Retype the records that follow, every line exactly as written.

○ ○ ○ ○ ○ ○ ○

lemma sigma_lipschitz:
  assumes "lam > 0"
  shows "1-lipschitz_on UNIV (sigma lam)"
    and "1-lipschitz_on UNIV (\<lambda>t. t - sigma lam t)"
    and "1-lipschitz_on UNIV (\<lambda>t. 2 * sigma lam t - t)"
  using sigma_deriv_pos[of lam] sigma_deriv_less_1[OF assms]
  by (auto intro!: lipschitz_on_UNIV_if_abs_deriv_le derivative_eq_intros has_real_derivative_sigma
      simp: abs_le_iff less_imp_le)

lemma lipschitz_on_vec_lambda:
  fixes f :: "real \<Rightarrow> real"
  assumes "C-lipschitz_on UNIV f"
  shows "C-lipschitz_on UNIV (\<lambda>v::real^'n. \<chi> i. f (v $ i))"
proof (rule lipschitz_onI)
  show "0 \<le> C" using assms by (rule lipschitz_on_nonneg)
  fix v w :: "real^'n"
  have "norm ((\<chi> i. f (v $ i)) - (\<chi> i. f (w $ i))) \<le> norm (C *\<^sub>R (v - w))"
  proof (rule norm_le_componentwise_cart)
    fix i
    show "norm (((\<chi> i. f (v $ i)) - (\<chi> i. f (w $ i))) $ i) \<le> norm ((C *\<^sub>R (v - w)) $ i)"
      using lipschitz_onD[OF assms, of "v $ i" "w $ i"] \<open>0 \<le> C\<close> by (simp add: dist_real_def)
  qed
  then show "dist (\<chi> i. f (v $ i)) (\<chi> i. f (w $ i)) \<le> C * dist v w"
    using \<open>0 \<le> C\<close> by (simp add: dist_norm)
qed

lemma sigma_vec_lipschitz:
  assumes "lam > 0"
  shows "1-lipschitz_on UNIV (sigma_vec lam :: real^'n \<Rightarrow> real^'n)"
    and "1-lipschitz_on UNIV (\<lambda>w::real^'n. w - sigma_vec lam w)"
    and "1-lipschitz_on UNIV (\<lambda>w::real^'n. 2 *\<^sub>R sigma_vec lam w - w)"
proof -
  have "sigma_vec lam = (\<lambda>w::real^'n. \<chi> i. sigma lam (w $ i))"
    and "(\<lambda>w::real^'n. w - sigma_vec lam w) = (\<lambda>w. \<chi> i. w $ i - sigma lam (w $ i))"
    and "(\<lambda>w::real^'n. 2 *\<^sub>R sigma_vec lam w - w) = (\<lambda>w. \<chi> i. 2 * sigma lam (w $ i) - w $ i)"
    by (simp_all add: fun_eq_iff sigma_vec_def vec_eq_iff)
  with sigma_lipschitz[OF assms, THEN lipschitz_on_vec_lambda, where 'n='n]
  show "1-lipschitz_on UNIV (sigma_vec lam :: real^'n \<Rightarrow> real^'n)"
    and "1-lipschitz_on UNIV (\<lambda>w::real^'n. w - sigma_vec lam w)"
    and "1-lipschitz_on UNIV (\<lambda>w::real^'n. 2 *\<^sub>R sigma_vec lam w - w)"
    by metis+
qed

lemma sigma_vec_differentiable:
  fixes v :: "real^'n"
  shows "sigma_vec lam differentiable (at v)"
proof -
  have "sigma_vec lam = (\<lambda>v::real^'n. \<Sum>i\<in>UNIV. sigma lam (v $ i) *\<^sub>R axis i 1)"
    by (simp add: fun_eq_iff sigma_vec_def vec_eq_iff axis_def if_distrib cong: if_cong)
  moreover have "(\<lambda>v. sigma lam (v $ i)) differentiable (at v)" for i
  proof (rule differentiable_compose[where f="sigma lam"])
    show "sigma lam differentiable (at (v $ i))"
      using has_real_derivative_sigma real_differentiable_def differentiableI by blast
  qed (simp add: bounded_linear_imp_differentiable bounded_linear_vec_nth)
  ultimately show ?thesis
    by (simp add: differentiable_sum differentiable_scaleR)
qed

lemma norm_matrix_vector_mult_le_spec_norm: "norm (A *v v) \<le> spec_norm A * norm v"
  unfolding spec_norm_def by (rule onorm[OF matrix_vector_mul_bounded_linear])

lemma spec_norm_add_le: "spec_norm (A + B) \<le> spec_norm A + spec_norm B"
  unfolding spec_norm_def matrix_vector_mult_add_rdistrib
  by (rule onorm_triangle) (rule matrix_vector_mul_bounded_linear)+

lemma spec_norm_le_frobenius:
  fixes A :: "real^'a^'b"
  shows "spec_norm A \<le> sqrt (\<Sum>i\<in>UNIV. \<Sum>j\<in>UNIV. (A $ i $ j)\<^sup>2)"
  unfolding spec_norm_def
proof (rule onorm_le)
  fix v :: "real^'a"
  have "((A *v v) $ i)\<^sup>2 \<le> (\<Sum>j\<in>UNIV. (A $ i $ j)\<^sup>2) * (\<Sum>j\<in>UNIV. (v $ j)\<^sup>2)" for i
    unfolding matrix_vector_mult_def using Cauchy_Schwarz_ineq_sum by simp
  then have "(\<Sum>i\<in>UNIV. ((A *v v) $ i)\<^sup>2)
      \<le> (\<Sum>i\<in>UNIV. \<Sum>j\<in>UNIV. (A $ i $ j)\<^sup>2) * (\<Sum>j\<in>UNIV. (v $ j)\<^sup>2)"
    by (simp add: sum_distrib_right sum_mono)
  then show "norm (A *v v) \<le> sqrt (\<Sum>i\<in>UNIV. \<Sum>j\<in>UNIV. (A $ i $ j)\<^sup>2) * norm v"
    by (simp add: norm_vec_def L2_set_def real_sqrt_le_mono flip: real_sqrt_mult)
qed

lemma spec_norm_diff_le_frob_dist:
  assumes "j \<in> {1..L}"
  shows "spec_norm (W j - V j) \<le> frob_dist L W V"
proof -
  have "spec_norm (W j - V j) \<le> sqrt (\<Sum>i\<in>UNIV. \<Sum>k\<in>UNIV. (W j $ i $ k - V j $ i $ k)\<^sup>2)"
    using spec_norm_le_frobenius[of "W j - V j"] by simp
  also have "\<dots> \<le> frob_dist L W V"
    unfolding frob_dist_def
    by (intro real_sqrt_le_mono member_le_sum[OF assms]) (auto intro!: sum_nonneg)
  finally show ?thesis .
qed

definition pre_act :: "'a::plus \<times> 'a \<Rightarrow> 'a" where
  "pre_act st = fst st + snd st"

definition post_act :: "real \<Rightarrow> real^'m \<Rightarrow> (real^'m) \<times> (real^'m)" where
  "post_act lam w = (sigma_vec lam w, w - sigma_vec lam w)"

lemma layer_eq_post_act: "layer W1 W2 lam y j st = post_act lam (pre_act (layer W1 W2 lam y j st))"
  by (simp add: layer_def post_act_def pre_act_def Let_def add_ac)

lemma pre_act_layer:
  fixes W1 :: "nat \<Rightarrow> real^'n::finite^'m::finite"
  shows "pre_act (layer W1 W2 lam y j st) = snd st + (1 / sqrt (real CARD('n))) *\<^sub>R (W1 j *v y)
     + (1 / sqrt (real CARD('m))) *\<^sub>R (W2 j *v (fst st - snd st))"
  by (simp add: layer_def pre_act_def Let_def algebra_simps)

○ ○ ○ ○ ○ ○ ○

▸ Result:
lemma sigma_lipschitz:
  assumes "lam > 0"
  shows "1-lipschitz_on UNIV (sigma lam)"
    and "1-lipschitz_on UNIV (\<lambda>t. t - sigma lam t)"
    and "1-lipschitz_on UNIV (\<lambda>t. 2 * sigma lam t - t)"
  using sigma_deriv_pos[of lam] sigma_deriv_less_1[OF assms]
  by (auto intro!: lipschitz_on_UNIV_if_abs_deriv_le derivative_eq_intros has_real_derivative_sigma
      simp: abs_le_iff less_imp_le)

lemma lipschitz_on_vec_lambda:
  fixes f :: "real \<Rightarrow> real"
  assumes "C-lipschitz_on UNIV f"
  shows "C-lipschitz_on UNIV (\<lambda>v::real^'n. \<chi> i. f (v $ i))"
proof (rule lipschitz_onI)
  show "0 \<le> C" using assms by (rule lipschitz_on_nonneg)
  fix v w :: "real^'n"
  have "norm ((\<chi> i. f (v $ i)) - (\<chi> i. f (w $ i))) \<le> norm (C *\<^sub>R (v - w))"
  proof (rule norm_le_componentwise_cart)
    fix i
    show "norm (((\<chi> i. f (v $ i)) - (\<chi> i. f (w $ i))) $ i) \<le> norm ((C *\<^sub>R (v - w)) $ i)"
      using lipschitz_onD[OF assms, of "v $ i" "w $ i"] \<open>0 \<le> C\<close> by (simp add: dist_real_def)
  qed
  then show "dist (\<chi> i. f (v $ i)) (\<chi> i. f (w $ i)) \<le> C * dist v w"
    using \<open>0 \<le> C\<close> by (simp add: dist_norm)
qed

lemma sigma_vec_lipschitz:
  assumes "lam > 0"
  shows "1-lipschitz_on UNIV (sigma_vec lam :: real^'n \<Rightarrow> real^'n)"
    and "1-lipschitz_on UNIV (\<lambda>w::real^'n. w - sigma_vec lam w)"
    and "1-lipschitz_on UNIV (\<lambda>w::real^'n. 2 *\<^sub>R sigma_vec lam w - w)"
proof -
  have "sigma_vec lam = (\<lambda>w::real^'n. \<chi> i. sigma lam (w $ i))"
    and "(\<lambda>w::real^'n. w - sigma_vec lam w) = (\<lambda>w. \<chi> i. w $ i - sigma lam (w $ i))"
    and "(\<lambda>w::real^'n. 2 *\<^sub>R sigma_vec lam w - w) = (\<lambda>w. \<chi> i. 2 * sigma lam (w $ i) - w $ i)"
    by (simp_all add: fun_eq_iff sigma_vec_def vec_eq_iff)
  with sigma_lipschitz[OF assms, THEN lipschitz_on_vec_lambda, where 'n='n]
  show "1-lipschitz_on UNIV (sigma_vec lam :: real^'n \<Rightarrow> real^'n)"
    and "1-lipschitz_on UNIV (\<lambda>w::real^'n. w - sigma_vec lam w)"
    and "1-lipschitz_on UNIV (\<lambda>w::real^'n. 2 *\<^sub>R sigma_vec lam w - w)"
    by metis+
qed

lemma sigma_vec_differentiable:
  fixes v :: "real^'n"
  shows "sigma_vec lam differentiable (at v)"
proof -
  have "sigma_vec lam = (\<lambda>v::real^'n. \<Sum>i\<in>UNIV. sigma lam (v $ i) *\<^sub>R axis i 1)"
    by (simp add: fun_eq_iff sigma_vec_def vec_eq_iff axis_def if_distrib cong: if_cong)
  moreover have "(\<lambda>v. sigma lam (v $ i)) differentiable (at v)" for i
  proof (rule differentiable_compose[where f="sigma lam"])
    show "sigma lam differentiable (at (v $ i))"
      using has_real_derivative_sigma real_differentiable_def differentiableI by blast
  qed (simp add: bounded_linear_imp_differentiable bounded_linear_vec_nth)
  ultimately show ?thesis
    by (simp add: differentiable_sum differentiable_scaleR)
qed

lemma norm_matrix_vector_mult_le_spec_norm: "norm (A *v v) \<le> spec_norm A * norm v"
  unfolding spec_norm_def by (rule onorm[OF matrix_vector_mul_bounded_linear])

lemma spec_norm_add_le: "spec_norm (A + B) \<le> spec_norm A + spec_norm B"
  unfolding spec_norm_def matrix_vector_mult_add_rdistrib
  by (rule onorm_triangle) (rule matrix_vector_mul_bounded_linear)+

lemma spec_norm_le_frobenius:
  fixes A :: "real^'a^'b"
  shows "spec_norm A \<le> sqrt (\<Sum>i\<in>UNIV. \<Sum>j\<in>UNIV. (A $ i $ j)\<^sup>2)"
  unfolding spec_norm_def
proof (rule onorm_le)
  fix v :: "real^'a"
  have "((A *v v) $ i)\<^sup>2 \<le> (\<Sum>j\<in>UNIV. (A $ i $ j)\<^sup>2) * (\<Sum>j\<in>UNIV. (v $ j)\<^sup>2)" for i
    unfolding matrix_vector_mult_def using Cauchy_Schwarz_ineq_sum by simp
  then have "(\<Sum>i\<in>UNIV. ((A *v v) $ i)\<^sup>2)
      \<le> (\<Sum>i\<in>UNIV. \<Sum>j\<in>UNIV. (A $ i $ j)\<^sup>2) * (\<Sum>j\<in>UNIV. (v $ j)\<^sup>2)"
    by (simp add: sum_distrib_right sum_mono)
  then show "norm (A *v v) \<le> sqrt (\<Sum>i\<in>UNIV. \<Sum>j\<in>UNIV. (A $ i $ j)\<^sup>2) * norm v"
    by (simp add: norm_vec_def L2_set_def real_sqrt_le_mono flip: real_sqrt_mult)
qed

lemma spec_norm_diff_le_frob_dist:
  assumes "j \<in> {1..L}"
  shows "spec_norm (W j - V j) \<le> frob_dist L W V"
proof -
  have "spec_norm (W j - V j) \<le> sqrt (\<Sum>i\<in>UNIV. \<Sum>k\<in>UNIV. (W j $ i $ k - V j $ i $ k)\<^sup>2)"
    using spec_norm_le_frobenius[of "W j - V j"] by simp
  also have "\<dots> \<le> frob_dist L W V"
    unfolding frob_dist_def
    by (intro real_sqrt_le_mono member_le_sum[OF assms]) (auto intro!: sum_nonneg)
  finally show ?thesis .
qed

definition pre_act :: "'a::plus \<times> 'a \<Rightarrow> 'a" where
  "pre_act st = fst st + snd st"

definition post_act :: "real \<Rightarrow> real^'m \<Rightarrow> (real^'m) \<times> (real^'m)" where
  "post_act lam w = (sigma_vec lam w, w - sigma_vec lam w)"

lemma layer_eq_post_act: "layer W1 W2 lam y j st = post_act lam (pre_act (layer W1 W2 lam y j st))"
  by (simp add: layer_def post_act_def pre_act_def Let_def add_ac)

lemma pre_act_layer:
  fixes W1 :: "nat \<Rightarrow> real^'n::finite^'m::finite"
  shows "pre_act (layer W1 W2 lam y j st) = snd st + (1 / sqrt (real CARD('n))) *\<^sub>R (W1 j *v y)
     + (1 / sqrt (real CARD('m))) *\<^sub>R (W2 j *v (fst st - snd st))"
  by (simp add: layer_def pre_act_def Let_def algebra_simps)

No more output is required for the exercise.